Phone booths in my country have lights for nighttime use so I suppose they have mains supply as well.
Re:bikes, not cars? (Score:3, Insightful)
Well the title does say Electric Vehicle Chargers
electric device outlets please (Score:1, Insightful)
Outlets to recharge a laptop or cell phone would be great too. Sometimes phone calls are *long*.
"Yes honey, I'm at the beach. Miss you!"
I imagine near the phone booth you could string out some cable to have outlets near park benches, and some wifi in the area would be nice. :)
*waves crashing*
Re:why, at that rate... (Score:4, Insightful)
Re:Terrible idea. (Score:1, Insightful)
Only if Austria has phone booths in the Zoo enclosures
Re:Something is wrong here... (Score:5, Insightful)
As a customer of Telekom Austria, I can assure you that nothing about that company is quick and efficient. They're the former state-run monopoly.

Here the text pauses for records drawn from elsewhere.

lemma cp_concept_orient:
  assumes cp: "is_cpnet n m N" and ac: "is_acyclic_cpnet n N" and X: "is_swap_space n m X"
    and po: "p \<in> outcomes n m" and qo: "q \<in> outcomes n m" and i: "i < n"
    and ne: "p i \<noteq> q i" and off: "\<forall>j. j \<noteq> i \<longrightarrow> p j = q j"
  shows "cp_concept n m X N (orient X p q) \<longleftrightarrow>
    (snd N i (restrict p (fst N i)) (p i) (q i) \<longleftrightarrow> (p, q) \<in> X)"
proof (cases "(p, q) \<in> X")
  case True
  then show ?thesis
    unfolding orient_def cp_concept_def using cp_better_swap_iff[OF cp ac po qo i ne off] by simp
next
  case False
  have "(q, p) \<in> X" using orient_mem[OF X po qo i ne off] False unfolding orient_def by simp
  moreover have "i \<notin> fst N i" using cp i unfolding is_cpnet_def by auto
  then have "restrict q (fst N i) = restrict p (fst N i)"
    using off by (intro restrict_eq_if_agree_outside) auto
  then have "cp_better n m N q p \<longleftrightarrow> snd N i (restrict p (fst N i)) (q i) (p i)"
    using cp_better_swap_iff[OF cp ac qo po i] ne off by metis
  moreover have "p i \<in> {0..<m}" "q i \<in> {0..<m}"
    using po qo i unfolding outcomes_def by (auto simp: PiE_iff)
  ultimately show ?thesis
    unfolding orient_def cp_concept_def
    using False strict_total_order_on_asym_iff[OF strict_total_order_on_context[OF cp po i] _ _ ne]
    by simp
qed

People love to say this scornfully, but they seem not to realise that if "Telekom $SOME_COUNTRY" _wasn't_ a "former state-run monopoly" then if they didn't live within a hundred metres of their nearest neighbour they wouldn't even _have_ a phone service, and the mere idea of a practically free phone standing on the street would be absolutely laughable.
Re:Something is wrong here... (Score:3, Insightful)
True, but the deduction "formerly state-run" -> "extremely inefficient" shouldn't be as unfailing as it is.
Though it has become better, Telekom Austria no longer sends three technicians to install a cable (two watching, one working).
Re:Department of Redundancy Department (Score:2, Insightful)
This is Slashdot. Some people would make a serious complaint if that was left out.
Re:why, at that rate... (Score:3, Insightful)
Yes, I can do arithmetic too. 15 minutes charging a day * 405,000 vehicles = 101250 hours of charging a day, or 4218 charging stations. Except that number is a complete fantasy: the usage won't be spread neatly over 24 hours. There will be sharp peaks morning, mid-day and afternoon, plus concentrated demand in areas with a lot of rich ecoloons who think electricity is "clean" because the gas, oil and coal plants making it are located out in the sticks.
Even with the best charge rates and distance-per-charge figures, we're looking at needing ten times as many EV charging stations as we currently have fossil fuel stations.
About emissions displacement (Score:4, Insightful)
areas with a lot of rich ecoloons who think electricity is "clean" because the gas, oil and coal plants making it are located out in the sticks.
The advantage of such "emissions displacement" is that it's a lot easier to clean the emissions from one big stationary engine than thousands of mobile engines.